(* Let $\mathcal{B}\subset\{1,\dots,K\}$. Consider two $K$-tier closed access networks (user may connect only to tiers in $\mathcal{B}$) as described in the context, identical (same point processes $\Phi_k$, powers $P_k$, target SIRs $\beta_k$, path loss exponent) except that the first has channel parameters $\{\Delta_k\},\{\Psi_k\}$ and the second $\{\Delta'_k\},\{\Psi'_k\}$. If $\Delta_k\ge\Delta'_k$ for all $k\in\mathcal{B}$ and $\Psi_k\le\Psi'_k$ for all $k\in\{1,\dots,K\}$, then the closed access coverage probability of the first network is greater than or equal to that of the second.
   Context: Downlink $K$-tier cellular network with tiers indexed by $\mathcal{K}=\{1,\dots,K\}$. Tier-$k$ base stations (BSs) are located at the points of a stationary point process $\Phi_k\subset\mathbb{R}^2$ (not necessarily independent across tiers), transmit with per-user power $P_k>0$ and have target SIR $\beta_k>0$; each tier has positive integer channel parameters $\Delta_k,\Psi_k$. $\alpha$ is the path loss exponent; a typical user is at the origin. Each BS at $x\in\Phi_k$ carries channel-power marks $h_{kx}\sim\Gamma(\Delta_k,1)$ (desired link) and $g_{kx}\sim\Gamma(\Psi_k,1)$ (interfering link), all mutually independent and independent of the point processes. $\mathrm{SIR}(x_k)=\dfrac{P_kh_{kx_k}\|x_k\|^{-\alpha}}{\sum_{j\in\mathcal{K}}\sum_{y\in\Phi_j\setminus\{x_k\}}P_jg_{jy}\|y\|^{-\alpha}}$ for $x_k\in\Phi_k$ (all tiers interfere). The closed access coverage probability with accessible tier set $\mathcal{B}$ is $\mathbb{P}\big(\bigcup_{k\in\mathcal{B}}\{\max_{x_k\in\Phi_k}\mathrm{SIR}(x_k)>\beta_k\}\big)$. $\Gamma(a,1)$ is the Gamma distribution with shape $a$, scale $1$. *)

theory Defs
  imports "HOL-Probability.Probability"
begin

type_synonym point = "real ^ 2"
(* a configuration assigns to each tier index k the set of tier-k BS locations *)
type_synonym config = "nat \<Rightarrow> point set"
(* mark outcome: site (k,x) \<mapsto> (h_{kx}, g_{kx}) *)
type_synonym marks = "nat \<times> point \<Rightarrow> real \<times> real"

text \<open>Gamma(a,1) distribution for a positive integer shape a (= Erlang with shape a, rate 1).\<close>
definition gamma_dist :: "nat \<Rightarrow> real measure" where
  "gamma_dist a = density lborel (erlang_density (a - 1) 1)"

definition configs :: "nat \<Rightarrow> config set" where
  "configs K = {\<phi>. (\<forall>k. k \<notin> {1..K} \<longrightarrow> \<phi> k = {}) \<and>
      (\<forall>k\<in>{1..K}. \<forall>S. bounded S \<longrightarrow> finite (\<phi> k \<inter> S))}"

definition config_space :: "nat \<Rightarrow> config measure" where
  "config_space K = sigma (configs K)
     {{\<phi> \<in> configs K. card (\<phi> k \<inter> S) = n} | k S n.
        k \<in> {1..K} \<and> S \<in> sets borel \<and> bounded S}"

definition shift :: "point \<Rightarrow> config \<Rightarrow> config" where
  "shift v \<phi> = (\<lambda>k. (\<lambda>x. x + v) ` \<phi> k)"

definition stationary :: "nat \<Rightarrow> config measure \<Rightarrow> bool" where
  "stationary K Q \<longleftrightarrow> (\<forall>v. distr Q (config_space K) (shift v) = Q)"

definition sites :: "nat \<Rightarrow> config \<Rightarrow> (nat \<times> point) set" where
  "sites K \<phi> = {(k, x). k \<in> {1..K} \<and> x \<in> \<phi> k}"

text \<open>Conditional law of the marks given the configuration: all marks independent,
  h_{kx} ~ Gamma(Delta k,1), g_{kx} ~ Gamma(Psi k,1).\<close>
definition mark_measure :: "nat \<Rightarrow> config \<Rightarrow> (nat \<Rightarrow> nat) \<Rightarrow> (nat \<Rightarrow> nat) \<Rightarrow> marks measure" where
  "mark_measure K \<phi> \<Delta> \<Psi> =
     PiM (sites K \<phi>) (\<lambda>(k, x). gamma_dist (\<Delta> k) \<Otimes>\<^sub>M gamma_dist (\<Psi> k))"

definition interference :: "nat \<Rightarrow> config \<Rightarrow> (nat \<Rightarrow> real) \<Rightarrow> real \<Rightarrow> marks \<Rightarrow> point \<Rightarrow> ennreal" where
  "interference K \<phi> P \<alpha> \<omega> x =
     (\<integral>\<^sup>+ jy. ennreal (P (fst jy) * snd (\<omega> jy) * norm (snd jy) powr (- \<alpha>))
        \<partial>count_space {(j, y) \<in> sites K \<phi>. y \<noteq> x})"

TASK DESCRIPTION:
Output the whole listing exactly, leaving nothing out.

EXPECTED ANSWER:
(* Let $\mathcal{B}\subset\{1,\dots,K\}$. Consider two $K$-tier closed access networks (user may connect only to tiers in $\mathcal{B}$) as described in the context, identical (same point processes $\Phi_k$, powers $P_k$, target SIRs $\beta_k$, path loss exponent) except that the first has channel parameters $\{\Delta_k\},\{\Psi_k\}$ and the second $\{\Delta'_k\},\{\Psi'_k\}$. If $\Delta_k\ge\Delta'_k$ for all $k\in\mathcal{B}$ and $\Psi_k\le\Psi'_k$ for all $k\in\{1,\dots,K\}$, then the closed access coverage probability of the first network is greater than or equal to that of the second.
   Context: Downlink $K$-tier cellular network with tiers indexed by $\mathcal{K}=\{1,\dots,K\}$. Tier-$k$ base stations (BSs) are located at the points of a stationary point process $\Phi_k\subset\mathbb{R}^2$ (not necessarily independent across tiers), transmit with per-user power $P_k>0$ and have target SIR $\beta_k>0$; each tier has positive integer channel parameters $\Delta_k,\Psi_k$. $\alpha$ is the path loss exponent; a typical user is at the origin. Each BS at $x\in\Phi_k$ carries channel-power marks $h_{kx}\sim\Gamma(\Delta_k,1)$ (desired link) and $g_{kx}\sim\Gamma(\Psi_k,1)$ (interfering link), all mutually independent and independent of the point processes. $\mathrm{SIR}(x_k)=\dfrac{P_kh_{kx_k}\|x_k\|^{-\alpha}}{\sum_{j\in\mathcal{K}}\sum_{y\in\Phi_j\setminus\{x_k\}}P_jg_{jy}\|y\|^{-\alpha}}$ for $x_k\in\Phi_k$ (all tiers interfere). The closed access coverage probability with accessible tier set $\mathcal{B}$ is $\mathbb{P}\big(\bigcup_{k\in\mathcal{B}}\{\max_{x_k\in\Phi_k}\mathrm{SIR}(x_k)>\beta_k\}\big)$. $\Gamma(a,1)$ is the Gamma distribution with shape $a$, scale $1$. *)

theory Defs
  imports "HOL-Probability.Probability"
begin

type_synonym point = "real ^ 2"
(* a configuration assigns to each tier index k the set of tier-k BS locations *)
type_synonym config = "nat \<Rightarrow> point set"
(* mark outcome: site (k,x) \<mapsto> (h_{kx}, g_{kx}) *)
type_synonym marks = "nat \<times> point \<Rightarrow> real \<times> real"

text \<open>Gamma(a,1) distribution for a positive integer shape a (= Erlang with shape a, rate 1).\<close>
definition gamma_dist :: "nat \<Rightarrow> real measure" where
  "gamma_dist a = density lborel (erlang_density (a - 1) 1)"

definition configs :: "nat \<Rightarrow> config set" where
  "configs K = {\<phi>. (\<forall>k. k \<notin> {1..K} \<longrightarrow> \<phi> k = {}) \<and>
      (\<forall>k\<in>{1..K}. \<forall>S. bounded S \<longrightarrow> finite (\<phi> k \<inter> S))}"

definition config_space :: "nat \<Rightarrow> config measure" where
  "config_space K = sigma (configs K)
     {{\<phi> \<in> configs K. card (\<phi> k \<inter> S) = n} | k S n.
        k \<in> {1..K} \<and> S \<in> sets borel \<and> bounded S}"

definition shift :: "point \<Rightarrow> config \<Rightarrow> config" where
  "shift v \<phi> = (\<lambda>k. (\<lambda>x. x + v) ` \<phi> k)"

definition stationary :: "nat \<Rightarrow> config measure \<Rightarrow> bool" where
  "stationary K Q \<longleftrightarrow> (\<forall>v. distr Q (config_space K) (shift v) = Q)"

definition sites :: "nat \<Rightarrow> config \<Rightarrow> (nat \<times> point) set" where
  "sites K \<phi> = {(k, x). k \<in> {1..K} \<and> x \<in> \<phi> k}"

text \<open>Conditional law of the marks given the configuration: all marks independent,
  h_{kx} ~ Gamma(Delta k,1), g_{kx} ~ Gamma(Psi k,1).\<close>
definition mark_measure :: "nat \<Rightarrow> config \<Rightarrow> (nat \<Rightarrow> nat) \<Rightarrow> (nat \<Rightarrow> nat) \<Rightarrow> marks measure" where
  "mark_measure K \<phi> \<Delta> \<Psi> =
     PiM (sites K \<phi>) (\<lambda>(k, x). gamma_dist (\<Delta> k) \<Otimes>\<^sub>M gamma_dist (\<Psi> k))"

definition interference :: "nat \<Rightarrow> config \<Rightarrow> (nat \<Rightarrow> real) \<Rightarrow> real \<Rightarrow> marks \<Rightarrow> point \<Rightarrow> ennreal" where
  "interference K \<phi> P \<alpha> \<omega> x =
     (\<integral>\<^sup>+ jy. ennreal (P (fst jy) * snd (\<omega> jy) * norm (snd jy) powr (- \<alpha>))
        \<partial>count_space {(j, y) \<in> sites K \<phi>. y \<noteq> x})"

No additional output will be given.